Venus is a 2023 Spanish independent black-and-white drama film written and directed by Víctor Conde based on the play of the same name, which stars Antonio Hortelano, Ariana Bruguera, Paula Muñoz, Carlos Serrano-Clark and Carlos Gorbe.

== Plot ==
The plot tracks the stories involving 5 characters who meet in a café.

== Production ==
The film was produced by Antonello Novellino, Kaplan, AMC, Antaviana Films, Paloma Tejero, Raúl Ruano Monge, Claqueta Blanca, and Winp Consulting. Shooting took place in Madrid.
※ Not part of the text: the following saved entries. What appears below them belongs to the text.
text \<open>Euler--Lagrange equations of E_alpha = int u^alpha sqrt(u'^2 + sinh^2(u) v'^2) dt,
  holding at every parameter in I.\<close>
definition alpha_stationary ::
  "real \<Rightarrow> (real \<Rightarrow> real) \<Rightarrow> (real \<Rightarrow> real) \<Rightarrow> real set \<Rightarrow> bool" where
  "alpha_stationary \<alpha> u v I \<longleftrightarrow> (\<forall>t\<in>I.
     deriv (\<lambda>s. u s powr \<alpha> * deriv u s / speed u v s) t
       = \<alpha> * u t powr (\<alpha> - 1) * speed u v t
         + u t powr \<alpha> * sinh (u t) * cosh (u t) * (deriv v t)^2 / speed u v t
   \<and> deriv (\<lambda>s. u s powr \<alpha> * (sinh (u s))^2 * deriv v s / speed u v s) t = 0)"

end

theory Submission
  imports Defs
begin

text \<open>Both Euler--Lagrange expressions of \<open>E\<^sub>\<alpha>\<close> are pointwise multiples of the single scalar
  \<open>\<delta> = \<kappa> - \<alpha> \<langle>n, \<xi>\<rangle>\<^sub>\<epsilon> / u\<close>: the residual of the \<open>u\<close>-equation is \<open>u\<^sup>\<alpha> sinh u \<cdot> v' \<cdot> \<delta>\<close> and
  the \<open>v\<close>-equation reads \<open>-u\<^sup>\<alpha> sinh u \<cdot> u' \<cdot> \<delta>\<close>, i.e. \<open>u\<^sup>\<alpha> \<delta>\<close> times the coordinates
  \<open>(sinh u \<cdot> v', -u')\<close> of the normal direction. On a regular curve these never vanish together and
  \<open>u\<^sup>\<alpha> sinh u > 0\<close>, so both equations hold iff \<open>\<delta> = 0\<close>.\<close>

definition stationarity_defect :: "real \<Rightarrow> (real \<Rightarrow> real) \<Rightarrow> (real \<Rightarrow> real) \<Rightarrow> real \<Rightarrow> real" where
  "stationarity_defect \<alpha> u v t = curvature u v t - \<alpha> * lor (unormal u v t) (xi (u t) (v t)) / u t"

lemma lor_scaleR_left: "lor (r *\<^sub>R x) y = r * lor x y"
  and lor_scaleR_right: "lor x (r *\<^sub>R y) = r * lor x y"
  by (simp_all add: lor_def algebra_simps)

lemma has_vector_derivative_vector3:
  assumes "(f1 has_real_derivative d1) (at x within S)" "(f2 has_real_derivative d2) (at x within S)"
    and "(f3 has_real_derivative d3) (at x within S)"
  shows "((\<lambda>s. vector [f1 s, f2 s, f3 s] :: real^3) has_vector_derivative vector [d1, d2, d3])
           (at x within S)"
proof -
  define e1 e2 e3 :: "real^3"
    where "e1 = vector [1, 0, 0]" and "e2 = vector [0, 1, 0]" and "e3 = vector [0, 0, 1]"
  have split: "vector [a, b, c] = a *\<^sub>R e1 + b *\<^sub>R e2 + c *\<^sub>R e3" for a b c :: real
    by (simp add: e1_def e2_def e3_def vec_eq_iff forall_3)
  show ?thesis
    unfolding split by (rule derivative_eq_intros assms has_vector_derivative_const refl)+ simp
qed

lemma curve_has_vector_derivative:
  assumes "(u has_real_derivative u') (at t)" "(v has_real_derivative v') (at t)"
  shows "(curve u v has_vector_derivative
           vector [cosh (u t) * u' * cos (v t) - sinh (u t) * v' * sin (v t),
                   cosh (u t) * u' * sin (v t) + sinh (u t) * v' * cos (v t),
                   sinh (u t) * u']) (at t)"
  unfolding curve_def Psi_def
  by (rule has_vector_derivative_vector3; (rule derivative_eq_intros assms refl)+; simp add: algebra_simps)

lemma lor_unormal_xi: "lor (unormal u v t) (xi (u t) (v t)) = sinh (u t) * deriv v t / speed u v t"
proof -
  have "lor (unormal u v t) (xi (u t) (v t)) = (1 / speed u v t) * (sinh (u t) * deriv v t
      * (cosh (u t)^2 * (cos (v t)^2 + sin (v t)^2) - sinh (u t)^2))"
    unfolding unormal_def lor_scaleR_left
    by (rule arg_cong[where f = "(*) _"]) (simp only: lor_def xi_def vector_3; algebra)
  then show ?thesis
    by (simp add: hyperbolic_pythagoras)
qed

context
  fixes u v :: "real \<Rightarrow> real" and I :: "real set"
  assumes open_I: "open I"
    and u_twice_differentiable: "\<forall>t\<in>I. u differentiable (at t) \<and> deriv u differentiable (at t)"
    and v_twice_differentiable: "\<forall>t\<in>I. v differentiable (at t) \<and> deriv v differentiable (at t)"
begin

lemma has_real_derivative_deriv_uv:
  assumes "t \<in> I"
  shows "(u has_real_derivative deriv u t) (at t)" "(deriv u has_real_derivative deriv (deriv u) t) (at t)"
    and "(v has_real_derivative deriv v t) (at t)" "(deriv v has_real_derivative deriv (deriv v) t) (at t)"
  using assms u_twice_differentiable v_twice_differentiable
  by (simp_all add: DERIV_deriv_iff_real_differentiable)

lemma curvature_eq:
  assumes t: "t \<in> I"
  shows "curvature u v t =
    (sinh (u t) * deriv v t * (deriv (deriv u) t - sinh (u t) * cosh (u t) * (deriv v t)^2)
      - deriv u t * (2 * cosh (u t) * deriv u t * deriv v t + sinh (u t) * deriv (deriv v) t))
    / speed u v t ^ 3"
proof -
  define velocity :: "real \<Rightarrow> real^3" where "velocity s =
    vector [cosh (u s) * deriv u s * cos (v s) - sinh (u s) * deriv v s * sin (v s),
            cosh (u s) * deriv u s * sin (v s) + sinh (u s) * deriv v s * cos (v s),
            sinh (u s) * deriv u s]" for s
  define u1 u2 v1 v2 S C c s
    where "u1 = deriv u t" and "u2 = deriv (deriv u) t" and "v1 = deriv v t" and "v2 = deriv (deriv v) t"
      and "S = sinh (u t)" and "C = cosh (u t)" and "c = cos (v t)" and "s = sin (v t)"
  define P Q where "P = S * u1^2 + C * u2 - S * v1^2" and "Q = 2 * C * u1 * v1 + S * v2"
  have "vector_derivative (curve u v) (at r) = velocity r" if "r \<in> I" for r
    unfolding velocity_def
    by (rule vector_derivative_at, rule curve_has_vector_derivative)
      (simp_all add: has_real_derivative_deriv_uv that)
  moreover have "(velocity has_vector_derivative vector [P * c - Q * s, P * s + Q * c, C * u1^2 + S * u2]) (at t)"
    unfolding velocity_def
    by (rule has_vector_derivative_vector3;
        (rule derivative_eq_intros has_real_derivative_deriv_uv[OF t] refl)+)
      (simp_all add: P_def Q_def S_def C_def c_def s_def u1_def v1_def u2_def v2_def, algebra+)
  ultimately have "vector_derivative (\<lambda>r. vector_derivative (curve u v) (at r)) (at t)
      = vector [P * c - Q * s, P * s + Q * c, C * u1^2 + S * u2]"
    by (metis (no_types, lifting) vector_derivative_at has_vector_derivative_transform_within_open[OF _ open_I t])
  moreover have "lor (vector [P * c - Q * s, P * s + Q * c, C * u1^2 + S * u2])
      (vector [u1 * s + S * C * v1 * c, S * C * v1 * s - u1 * c, S^2 * v1])
    = S * v1 * (u2 - S * C * v1^2) - u1 * (2 * C * u1 * v1 + S * v2)"
  proof -
    have "c^2 + s^2 = 1" "C^2 - S^2 = 1"
      by (simp_all add: c_def s_def C_def S_def hyperbolic_pythagoras add.commute)
    then show ?thesis
      unfolding lor_def vector_3 P_def Q_def by algebra
  qed
  ultimately show ?thesis
    unfolding curvature_def unormal_def lor_scaleR_right
    unfolding u1_def[symmetric] u2_def[symmetric] v1_def[symmetric] v2_def[symmetric]
      S_def[symmetric] C_def[symmetric] c_def[symmetric] s_def[symmetric]
    by (simp add: power2_eq_square power3_eq_cube)
qed

lemma speed_has_real_derivative:
  assumes t: "t \<in> I" and "speed u v t > 0"
  shows "(speed u v has_real_derivative
    (deriv u t * deriv (deriv u) t + sinh (u t) * cosh (u t) * deriv u t * (deriv v t)^2
      + (sinh (u t))^2 * deriv v t * deriv (deriv v) t) / speed u v t) (at t)"
proof -
  have Q_deriv: "((\<lambda>s. (deriv u s)^2 + (sinh (u s))^2 * (deriv v s)^2) has_real_derivative
      2 * (deriv u t * deriv (deriv u) t + sinh (u t) * cosh (u t) * deriv u t * (deriv v t)^2
        + (sinh (u t))^2 * deriv v t * deriv (deriv v) t)) (at t)"
    by (rule derivative_eq_intros has_real_derivative_deriv_uv[OF t] refl)+
      (simp add: algebra_simps power2_eq_square)
  have Q_pos: "(deriv u t)^2 + (sinh (u t))^2 * (deriv v t)^2 > 0"
    using assms(2) unfolding speed_def by simp
  show ?thesis
    unfolding speed_def using DERIV_chain2[OF DERIV_real_sqrt[OF Q_pos] Q_deriv]
    by (rule DERIV_cong) (simp add: divide_simps)
qed

lemma Euler_Lagrange_residuals:
  assumes t: "t \<in> I" and u_pos: "u t > 0" and speed_pos: "speed u v t > 0"
  shows "deriv (\<lambda>s. u s powr \<alpha> * deriv u s / speed u v s) t
    = \<alpha> * u t powr (\<alpha> - 1) * speed u v t
      + u t powr \<alpha> * sinh (u t) * cosh (u t) * (deriv v t)^2 / speed u v t
      + u t powr \<alpha> * sinh (u t) * deriv v t * stationarity_defect \<alpha> u v t"
    and "deriv (\<lambda>s. u s powr \<alpha> * (sinh (u s))^2 * deriv v s / speed u v s) t
    = - (u t powr \<alpha> * sinh (u t) * deriv u t * stationarity_defect \<alpha> u v t)"
proof -
  define u1 u2 v1 v2 S C \<sigma> \<sigma>' p
    where "u1 = deriv u t" and "u2 = deriv (deriv u) t" and "v1 = deriv v t" and "v2 = deriv (deriv v) t"
      and "S = sinh (u t)" and "C = cosh (u t)" and "\<sigma> = speed u v t"
      and "\<sigma>' = (u1 * u2 + S * C * u1 * v1^2 + S^2 * v1 * v2) / \<sigma>" and "p = u t powr \<alpha>"
  note jet_defs = u1_def u2_def v1_def v2_def S_def C_def \<sigma>_def p_def
  have powr_pred: "u t powr (\<alpha> - 1) = p / u t"
    using u_pos by (simp add: p_def powr_diff)
  have \<sigma>: "\<sigma>^2 = u1^2 + S^2 * v1^2" "\<sigma> > 0"
    using speed_pos by (simp_all add: \<sigma>_def speed_def u1_def v1_def S_def)
  have defect: "stationarity_defect \<alpha> u v t
      = (S * v1 * (u2 - S * C * v1^2) - u1 * (2 * C * u1 * v1 + S * v2)) / \<sigma>^3 - \<alpha> * (S * v1 / \<sigma>) / u t"
    unfolding stationarity_defect_def curvature_eq[OF t] lor_unormal_xi jet_defs ..
  have "deriv (\<lambda>s. u s powr \<alpha> * deriv u s / speed u v s) t
      = ((\<alpha> * (p / u t) * u1 * u1 + u2 * p) * \<sigma> - p * u1 * \<sigma>') / (\<sigma> * \<sigma>)"
    by (rule DERIV_imp_deriv, (rule derivative_eq_intros has_real_derivative_deriv_uv[OF t]
          speed_has_real_derivative[OF t speed_pos] refl u_pos)+)
      (use speed_pos in \<open>simp_all add: powr_pred \<sigma>'_def jet_defs\<close>)
  then show "deriv (\<lambda>s. u s powr \<alpha> * deriv u s / speed u v s) t
    = \<alpha> * u t powr (\<alpha> - 1) * speed u v t
      + u t powr \<alpha> * sinh (u t) * cosh (u t) * (deriv v t)^2 / speed u v t
      + u t powr \<alpha> * sinh (u t) * deriv v t * stationarity_defect \<alpha> u v t"
    using \<sigma> u_pos unfolding defect powr_pred jet_defs[symmetric] \<sigma>'_def
    by (simp add: field_simps) algebra
  have "deriv (\<lambda>s. u s powr \<alpha> * (sinh (u s))^2 * deriv v s / speed u v s) t
      = ((\<alpha> * (p / u t) * u1 * S^2 * v1 + p * (2 * S * C * u1) * v1 + p * S^2 * v2) * \<sigma>
        - p * S^2 * v1 * \<sigma>') / (\<sigma> * \<sigma>)"
    by (rule DERIV_imp_deriv, (rule derivative_eq_intros has_real_derivative_deriv_uv[OF t]
          speed_has_real_derivative[OF t speed_pos] refl u_pos)+)
      (use speed_pos in \<open>simp_all add: powr_pred \<sigma>'_def jet_defs algebra_simps\<close>)
  then show "deriv (\<lambda>s. u s powr \<alpha> * (sinh (u s))^2 * deriv v s / speed u v s) t
    = - (u t powr \<alpha> * sinh (u t) * deriv u t * stationarity_defect \<alpha> u v t)"
    using \<sigma> u_pos unfolding defect jet_defs[symmetric] \<sigma>'_def
    by (simp add: field_simps) algebra
qed

end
Shot in black and white, the film was lensed by Pol Turrents, scored by Alfonso Casado, and edited by Mar Jorge Sotelo and Bernat Aragonés.

== Release ==
Distributed by Begin Again Films, Venus was released theatrically in Spain on 17 February 2023. It was picked up for a streaming release on Filmin on 12 May 2023.

== Reception ==
Beatriz Martínez of El Periódico de Catalunya rated the film 3 out of 5 stars, writing that the film "is tiny, but endearing and you can see the love with which it is made".

Carlos Marañón of Cinemanía summed up the film in his verdict as "echoes of castizo Nouvelle Vague for a crossing of impossible loves".